===== Information
(* Let $\rho$ be a density operator on $\mathcal H_A\otimes\mathcal H_B$ ($\dim\mathcal H_A=\dim\mathcal H_B=2$) and let $\mu$ be an ansatz. Then $\mathscr M_A'\subseteq\operatorname{box}(\mu)$ if and only if $\mathscr S_A'\subseteq\operatorname{box}(\mu)$.
   Context: $\sigma_0=\mathbb I,\sigma_1,\sigma_2,\sigma_3$ are the identity and Pauli matrices; $\mathbf r\cdot\sigma=\sum_{k=1}^3r_k\sigma_k$. Alice's EPR map is $\rho^{A\to B}(A)=\operatorname{Tr}_A[\rho(A\otimes\mathbb I^B)]$ for Hermitian $A$ on $\mathcal H_A$; $X'$ denotes the image of a set $X$ under this map. $\mathscr M_A=\{M \text{ Hermitian on }\mathcal H_A: O\le M\le\mathbb I^A\}$ and $\mathscr S_A=\{M\in\mathscr M_A:\operatorname{Tr}M=1\}=\{\tfrac12(\mathbb I^A+\mathbf r\cdot\sigma^A):|\mathbf r|\le1\}$. An ansatz is a Borel probability measure $\mu$ on the unit sphere $S^2\subset\mathbb R^3$ with $\int\tfrac12(\mathbb I^B+\mathbf n\cdot\sigma^B)\,d\mu(\mathbf n)=\operatorname{Tr}_A\rho$, and $\operatorname{box}(\mu)=\{\int\beta(\mathbf n)\tfrac12(\mathbb I^B+\mathbf n\cdot\sigma^B)\,d\mu(\mathbf n):\beta:S^2\to[0,1]\text{ Borel}\}$. *)

theory Defs
  imports "HOL-Probability.Probability"
begin

text \<open>Qubit operators are 2x2 complex matrices indexed by the type 2 (elements 0,1).
  Operators on H_A (x) H_B are matrices indexed by 2 \<times> 2, the first component being A.\<close>

type_synonym qop = "complex ^ 2 ^ 2"
type_synonym qqop = "complex ^ (2 \<times> 2) ^ (2 \<times> 2)"

definition ctrans :: "complex ^ 'n ^ 'n \<Rightarrow> complex ^ 'n ^ 'n" where
  "ctrans M = (\<chi> i j. cnj (M $ j $ i))"

definition hermitian_mat :: "complex ^ 'n ^ 'n \<Rightarrow> bool" where
  "hermitian_mat M \<longleftrightarrow> ctrans M = M"

definition mtrace :: "complex ^ 'n ^ 'n \<Rightarrow> complex" where
  "mtrace M = (\<Sum>i\<in>UNIV. M $ i $ i)"

definition psd :: "complex ^ 'n ^ 'n \<Rightarrow> bool" where
  "psd M \<longleftrightarrow> hermitian_mat M \<and>
     (\<forall>v :: complex ^ 'n. 0 \<le> Re (\<Sum>i\<in>UNIV. cnj (v $ i) * (M *v v) $ i))"

definition loewner_le :: "complex ^ 'n ^ 'n \<Rightarrow> complex ^ 'n ^ 'n \<Rightarrow> bool" where
  "loewner_le A B \<longleftrightarrow> psd (B - A)"

definition density_op :: "complex ^ 'n ^ 'n \<Rightarrow> bool" where
  "density_op \<rho> \<longleftrightarrow> psd \<rho> \<and> mtrace \<rho> = 1"

definition kron :: "complex ^ 'a ^ 'a \<Rightarrow> complex ^ 'b ^ 'b \<Rightarrow> complex ^ ('a::finite \<times> 'b::finite) ^ ('a \<times> 'b)" where
  "kron A B = (\<chi> p q. A $ fst p $ fst q * B $ snd p $ snd q)"

definition ptrace_A :: "complex ^ ('a::finite \<times> 'b::finite) ^ ('a \<times> 'b) \<Rightarrow> complex ^ 'b ^ 'b" where
  "ptrace_A M = (\<chi> i j. \<Sum>a\<in>UNIV. M $ (a, i) $ (a, j))"

definition epr_map :: "qqop \<Rightarrow> qop \<Rightarrow> qop" where
  "epr_map \<rho> A = ptrace_A (\<rho> ** kron A (mat 1))"

definition pauli1 :: qop where "pauli1 = (\<chi> i j. if i = j then 0 else 1)"
definition pauli2 :: qop where
  "pauli2 = (\<chi> i j. if i = j then 0 else if i = 0 then - \<i> else \<i>)"
definition pauli3 :: qop where
  "pauli3 = (\<chi> i j. if i = j then (if i = 0 then 1 else -1) else 0)"

text \<open>r \<cdot> \<sigma> for r in R^3 (coordinates r$1, r$2, r$3; note 3 = 0 in the type 3).\<close>
definition pauli_dot :: "real ^ 3 \<Rightarrow> qop" where
  "pauli_dot r = (r $ 1) *\<^sub>R pauli1 + (r $ 2) *\<^sub>R pauli2 + (r $ 3) *\<^sub>R pauli3"

definition bloch :: "real ^ 3 \<Rightarrow> qop" where
  "bloch r = (1/2) *\<^sub>R (mat 1 + pauli_dot r)"

definition M_A :: "qop set" where
  "M_A = {M. hermitian_mat M \<and> loewner_le 0 M \<and> loewner_le M (mat 1)}"

definition S_A :: "qop set" where
  "S_A = {M \<in> M_A. mtrace M = 1}"

definition mat_integral :: "'x measure \<Rightarrow> ('x \<Rightarrow> complex ^ 'n ^ 'm) \<Rightarrow> complex ^ 'n ^ 'm" where
  "mat_integral \<mu> f = (\<chi> i j. integral\<^sup>L \<mu> (\<lambda>x. f x $ i $ j))"
(* A formula $\varphi\in\mathcal{L}$ is derivable in $\mathsf{ConstCKID}$ (resp. $\mathsf{ConstCKMP}$, resp. $\mathsf{ConstCKMPID}$) if and only if it is valid in all constructive Chellas models satisfying property (id) (resp. property (mp), resp. both (id) and (mp)), where (id): for all $X\subseteq W$ and $w,v\in W$, if $wR_Xv$ then $v\in X$; (mp): for all $X\subseteq W$ and $w\in W$, if $w\in X$ then $wR_Xw$.
   Context: Language $\mathcal{L}$: formulas $\varphi ::= p \mid \bot \mid \varphi\wedge\varphi \mid \varphi\vee\varphi \mid \varphi\to\varphi \mid \varphi \mathrel{\Box\!\!\to} \varphi \mid \varphi \mathrel{\Diamond\!\!\to}\varphi$; $\neg\varphi:=\varphi\to\bot$, $\top:=\neg\bot$, $\varphi\leftrightarrow\psi:=(\varphi\to\psi)\wedge(\psi\to\varphi)$. $\mathsf{ConstCK}$: any axiomatisation of intuitionistic propositional logic in $\mathcal{L}$ with modus ponens, plus CM$_\Box$: $(\varphi\mathrel{\Box\!\!\to}\psi\wedge\chi)\to(\varphi\mathrel{\Box\!\!\to}\psi)\wedge(\varphi\mathrel{\Box\!\!\to}\chi)$; CC$_\Box$: $(\varphi\mathrel{\Box\!\!\to}\psi)\wedge(\varphi\mathrel{\Box\!\!\to}\chi)\to(\varphi\mathrel{\Box\!\!\to}\psi\wedge\chi)$; CN$_\Box$: $\varphi\mathrel{\Box\!\!\to}\top$; CN$_\Diamond$: $\neg(\varphi\mathrel{\Diamond\!\!\to}\bot)$; CK$_\Diamond$: $(\varphi\mathrel{\Box\!\!\to}(\psi\to\chi))\to((\varphi\mathrel{\Diamond\!\!\to}\psi)\to(\varphi\mathrel{\Diamond\!\!\to}\chi))$; rules RA$_\Box$: from $\varphi\leftrightarrow\rho$ infer $(\varphi\mathrel{\Box\!\!\to}\psi)\leftrightarrow(\rho\mathrel{\Box\!\!\to}\psi)$; RC$_\Box$: from $\psi\leftrightarrow\chi$ infer $(\varphi\mathrel{\Box\!\!\to}\psi)\leftrightarrow(\varphi\mathrel{\Box\!\!\to}\chi)$; RA$_\Diamond$, RC$_\Diamond$: the same with $\mathrel{\Diamond\!\!\to}$. $\mathsf{ConstCKID}$ = $\mathsf{ConstCK}$ + ID$_\Box$: $\varphi\mathrel{\Box\!\!\to}\varphi$. $\mathsf{ConstCKMP}$ = $\mathsf{ConstCK}$ + MP$_\Box$: $(\varphi\mathrel{\Box\!\!\to}\psi)\to(\varphi\to\psi)$ + MP$_\Diamond$: $\varphi\wedge\psi\to(\varphi\mathrel{\Diamond\!\!\to}\psi)$. $\mathsf{ConstCKMPID}$ = $\mathsf{ConstCK}$ + MP$_\Box$, MP$_\Diamond$, ID$_\Box$. A constructive Chellas model is $M=\langle W,\le,R,V\rangle$ with $W$ nonempty, $\le$ reflexive and transitive on $W$, $V:W\to2^{Atm}$ monotone ($w\le w'$ implies $V(w)\subseteq V(w')$), and $R$ associating to each $X\subseteq W$ a binary relation $R_X$ on $W$. Satisfaction: $w\Vdash p$ iff $p\in V(w)$; $w\not\Vdash\bot$; $\wedge,\vee$ pointwise; $w\Vdash\varphi\to\psi$ iff for all $w'\ge w$, $w'\Vdash\varphi$ implies $w'\Vdash\psi$; with $[\varphi]=\{w\mid w\Vdash\varphi\}$: $w\Vdash\varphi\mathrel{\Box\!\!\to}\psi$ iff for all $w',v$ with $w\le w'$ and $w'R_{[\varphi]}v$, $v\Vdash\psi$; $w\Vdash\varphi\mathrel{\Diamond\!\!\to}\psi$ iff for all $w'\ge w$ there is $v$ with $w'R_{[\varphi]}v$ and $v\Vdash\psi$. A formula is valid in $M$ if satisfied at every world. *)

theory Defs
  imports Main
begin

datatype form =
    Atom nat
  | Bot
  | And form form
  | Or form form
  | Imp form form
  | Box form form
  | Dia form form

definition Neg :: "form \<Rightarrow> form" where "Neg a = Imp a Bot"
definition Top :: form where "Top = Neg Bot"
definition Iff :: "form \<Rightarrow> form \<Rightarrow> form" where "Iff a b = And (Imp a b) (Imp b a)"

inductive derivable :: "form set \<Rightarrow> form \<Rightarrow> bool" for E :: "form set" where
  ax_extra: "a \<in> E \<Longrightarrow> derivable E a"
| ipc1: "derivable E (Imp a (Imp b a))"
| ipc2: "derivable E (Imp (Imp a (Imp b c)) (Imp (Imp a b) (Imp a c)))"
| ipc3: "derivable E (Imp (And a b) a)"
| ipc4: "derivable E (Imp (And a b) b)"
| ipc5: "derivable E (Imp a (Imp b (And a b)))"
| ipc6: "derivable E (Imp a (Or a b))"
| ipc7: "derivable E (Imp b (Or a b))"
| ipc8: "derivable E (Imp (Imp a c) (Imp (Imp b c) (Imp (Or a b) c)))"
| ipc9: "derivable E (Imp Bot a)"
| mp: "derivable E (Imp a b) \<Longrightarrow> derivable E a \<Longrightarrow> derivable E b"
| CM_box: "derivable E (Imp (Box a (And b c)) (And (Box a b) (Box a c)))"
| CC_box: "derivable E (Imp (And (Box a b) (Box a c)) (Box a (And b c)))"
| CN_box: "derivable E (Box a Top)"
| CN_dia: "derivable E (Neg (Dia a Bot))"
| CK_dia: "derivable E (Imp (Box a (Imp b c)) (Imp (Dia a b) (Dia a c)))"
| RA_box: "derivable E (Iff a r) \<Longrightarrow> derivable E (Iff (Box a b) (Box r b))"
| RC_box: "derivable E (Iff b c) \<Longrightarrow> derivable E (Iff (Box a b) (Box a c))"
| RA_dia: "derivable E (Iff a r) \<Longrightarrow> derivable E (Iff (Dia a b) (Dia r b))"
| RC_dia: "derivable E (Iff b c) \<Longrightarrow> derivable E (Iff (Dia a b) (Dia a c))"

definition ID_ax :: "form set" where
  "ID_ax = {Box a a | a. True}"

definition MP_ax :: "form set" where
  "MP_ax = {Imp (Box a b) (Imp a b) | a b. True} \<union> {Imp (And a b) (Dia a b) | a b. True}"

abbreviation ConstCKID :: "form \<Rightarrow> bool" where "ConstCKID \<equiv> derivable ID_ax"
abbreviation ConstCKMP :: "form \<Rightarrow> bool" where "ConstCKMP \<equiv> derivable MP_ax"
abbreviation ConstCKMPID :: "form \<Rightarrow> bool" where "ConstCKMPID \<equiv> derivable (MP_ax \<union> ID_ax)"

text \<open>Only the values of le, R X on W
(and X \<subseteq> W) matter.\<close>

definition chellas_model ::
  "'w set \<Rightarrow> ('w \<Rightarrow> 'w \<Rightarrow> bool) \<Rightarrow> ('w \<Rightarrow> nat set) \<Rightarrow> bool" where
  "chellas_model W le V \<longleftrightarrow>
     W \<noteq> {} \<and>
     (\<forall>w\<in>W. le w w) \<and>
     (\<forall>u\<in>W. \<forall>v\<in>W. \<forall>w\<in>W. le u v \<longrightarrow> le v w \<longrightarrow> le u w) \<and>
     (\<forall>w\<in>W. \<forall>w'\<in>W. le w w' \<longrightarrow> V w \<subseteq> V w')"

fun sat :: "'w set \<Rightarrow> ('w \<Rightarrow> 'w \<Rightarrow> bool) \<Rightarrow> ('w set \<Rightarrow> 'w \<Rightarrow> 'w \<Rightarrow> bool)
            \<Rightarrow> ('w \<Rightarrow> nat set) \<Rightarrow> 'w \<Rightarrow> form \<Rightarrow> bool" where
  "sat W le R V w (Atom p) = (p \<in> V w)"
| "sat W le R V w Bot = False"
| "sat W le R V w (And a b) = (sat W le R V w a \<and> sat W le R V w b)"
| "sat W le R V w (Or a b) = (sat W le R V w a \<or> sat W le R V w b)"
| "sat W le R V w (Imp a b) =
     (\<forall>w'\<in>W. le w w' \<longrightarrow> sat W le R V w' a \<longrightarrow> sat W le R V w' b)"
| "sat W le R V w (Box a b) =
     (\<forall>w'\<in>W. \<forall>v\<in>W. le w w' \<longrightarrow> R {u\<in>W. sat W le R V u a} w' v \<longrightarrow> sat W le R V v b)"
| "sat W le R V w (Dia a b) =
     (\<forall>w'\<in>W. le w w' \<longrightarrow> (\<exists>v\<in>W. R {u\<in>W. sat W le R V u a} w' v \<and> sat W le R V v b))"

definition valid_in ::
  "'w set \<Rightarrow> ('w \<Rightarrow> 'w \<Rightarrow> bool) \<Rightarrow> ('w set \<Rightarrow> 'w \<Rightarrow> 'w \<Rightarrow> bool)
   \<Rightarrow> ('w \<Rightarrow> nat set) \<Rightarrow> form \<Rightarrow> bool" where
  "valid_in W le R V a \<longleftrightarrow> (\<forall>w\<in>W. sat W le R V w a)"

definition prop_id :: "'w set \<Rightarrow> ('w set \<Rightarrow> 'w \<Rightarrow> 'w \<Rightarrow> bool) \<Rightarrow> bool" where
  "prop_id W R \<longleftrightarrow> (\<forall>X. X \<subseteq> W \<longrightarrow> (\<forall>w\<in>W. \<forall>v\<in>W. R X w v \<longrightarrow> v \<in> X))"

definition prop_mp :: "'w set \<Rightarrow> ('w set \<Rightarrow> 'w \<Rightarrow> 'w \<Rightarrow> bool) \<Rightarrow> bool" where
  "prop_mp W R \<longleftrightarrow> (\<forall>X. X \<subseteq> W \<longrightarrow> (\<forall>w\<in>W. w \<in> X \<longrightarrow> R X w w))"

definition valid_class ::
  "'w itself \<Rightarrow> ('w set \<Rightarrow> ('w set \<Rightarrow> 'w \<Rightarrow> 'w \<Rightarrow> bool) \<Rightarrow> bool) \<Rightarrow> form \<Rightarrow> bool" where
  "valid_class T P a \<longleftrightarrow>
     (\<forall>(W::'w set) le R V. chellas_model W le V \<and> P W R \<longrightarrow> valid_in W le R V a)"

end

theory Submission
  imports Defs
begin

(* Completeness uses a canonical model whose worlds are pairs (D, t) of a prime theory D and a
   tag formula t, ordered by inclusion of the theories. For a truth set [a], (D, t) sees (D', t')
   iff D' contains every b with (a box-arrow b) in D and, unless (a diamond-arrow t) is in D,
   D' omits t. The tag is what refutes a diamond-arrow: if (a diamond-arrow b) is not in D, the
   world (D, b) has no successor containing b. The box case rests on {b. a box-arrow b in D}
   being closed under derivation (CN, CC, CM, RC), the diamond case on CK and CN_dia. On sets
   that are not truth sets R is the identity restricted to the set, which has both (id) and (mp),
   while ID and MP give these properties on truth sets. Since the statement fixes the world type
   form set set, the canonical model is finally copied into that type along an injection. *)

lemma chellas_model_refl: "chellas_model W le V \<Longrightarrow> w \<in> W \<Longrightarrow> le w w"
  unfolding chellas_model_def by blast

lemma chellas_model_trans:
  "chellas_model W le V \<Longrightarrow> u \<in> W \<Longrightarrow> v \<in> W \<Longrightarrow> w \<in> W \<Longrightarrow> le u v \<Longrightarrow> le v w \<Longrightarrow> le u w"
  unfolding chellas_model_def by blast

lemma chellas_model_mono: "chellas_model W le V \<Longrightarrow> u \<in> W \<Longrightarrow> v \<in> W \<Longrightarrow> le u v \<Longrightarrow> V u \<subseteq> V v"
  unfolding chellas_model_def by blast

lemma sat_persistent:
  assumes "chellas_model W le V" "w \<in> W" "w' \<in> W" "le w w'" "sat W le R V w a"
  shows "sat W le R V w' a"
  using assms(2-)
  by (induction a arbitrary: w w')
     (auto dest: chellas_model_mono[OF assms(1)] intro: chellas_model_trans[OF assms(1)])

lemma valid_Imp_iff:
  assumes "chellas_model W le V"
  shows "valid_in W le R V (Imp a b) \<longleftrightarrow> (\<forall>w\<in>W. sat W le R V w a \<longrightarrow> sat W le R V w b)"
  using chellas_model_refl[OF assms] unfolding valid_in_def by auto

lemma valid_Iff_iff:
  assumes "chellas_model W le V"
  shows "valid_in W le R V (Iff a b) \<longleftrightarrow> (\<forall>w\<in>W. sat W le R V w a \<longleftrightarrow> sat W le R V w b)"
  using chellas_model_refl[OF assms] unfolding valid_in_def Iff_def by auto

lemma valid_derivable:
  assumes m: "chellas_model W le V" and E: "\<forall>e\<in>E. valid_in W le R V e"
  shows "derivable E a \<Longrightarrow> valid_in W le R V a"
proof (induction rule: derivable.induct)
  case (ax_extra a)
  then show ?case using E by blast
next
  case (ipc1 a b)
  show ?case by (auto simp: valid_Imp_iff[OF m] intro: sat_persistent[OF m])
next
  case (ipc2 a b c)
  show ?case
    by (clarsimp simp: valid_Imp_iff[OF m])
       (metis chellas_model_trans[OF m] chellas_model_refl[OF m])
next
  case (ipc5 a b)
  show ?case by (auto simp: valid_Imp_iff[OF m] intro: sat_persistent[OF m])
next
  case (ipc8 a c b)
  show ?case by (clarsimp simp: valid_Imp_iff[OF m]) (metis chellas_model_trans[OF m])
next
  case (mp a b)
  then show ?case using chellas_model_refl[OF m] by (auto simp: valid_in_def)
next
  case (CN_box a)
  show ?case by (simp add: valid_in_def Top_def Neg_def)
next
  case (CN_dia a)
  show ?case by (auto simp: valid_in_def Neg_def dest: chellas_model_refl[OF m])
next
  case (CK_dia a b c)
  let ?A = "{u\<in>W. sat W le R V u a}"
  have "sat W le R V w (Imp (Dia a b) (Dia a c))"
    if "w \<in> W" and box: "sat W le R V w (Box a (Imp b c))" for w
  proof (unfold sat.simps, intro ballI impI)
    fix w1 w2
    assume "w1 \<in> W" "le w w1" "w2 \<in> W" "le w1 w2"
      and "\<forall>w'\<in>W. le w1 w' \<longrightarrow> (\<exists>v\<in>W. R ?A w' v \<and> sat W le R V v b)"
    then obtain v where v: "v \<in> W" "R ?A w2 v" "sat W le R V v b" by blast
    have "le w w2"
      using chellas_model_trans[OF m] \<open>w \<in> W\<close> \<open>w1 \<in> W\<close> \<open>w2 \<in> W\<close> \<open>le w w1\<close> \<open>le w1 w2\<close> .
    then have "sat W le R V v c"
      using box v \<open>w2 \<in> W\<close> chellas_model_refl[OF m, of v] by auto
    with v show "\<exists>v\<in>W. R ?A w2 v \<and> sat W le R V v c" by blast
  qed
  then show ?case by (simp only: valid_Imp_iff[OF m]) blast
next
  case (RA_box a r b)
  then have "{u\<in>W. sat W le R V u a} = {u\<in>W. sat W le R V u r}"
    by (auto simp: valid_Iff_iff[OF m])
  then show ?case by (simp add: valid_Iff_iff[OF m])
next
  case (RA_dia a r b)
  then have "{u\<in>W. sat W le R V u a} = {u\<in>W. sat W le R V u r}"
    by (auto simp: valid_Iff_iff[OF m])
  then show ?case by (simp add: valid_Iff_iff[OF m])
qed (simp_all add: valid_Imp_iff[OF m] valid_Iff_iff[OF m])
==========
Looking at the records above, in how many lines does the word "dest" occur? Reply with the number alone.

2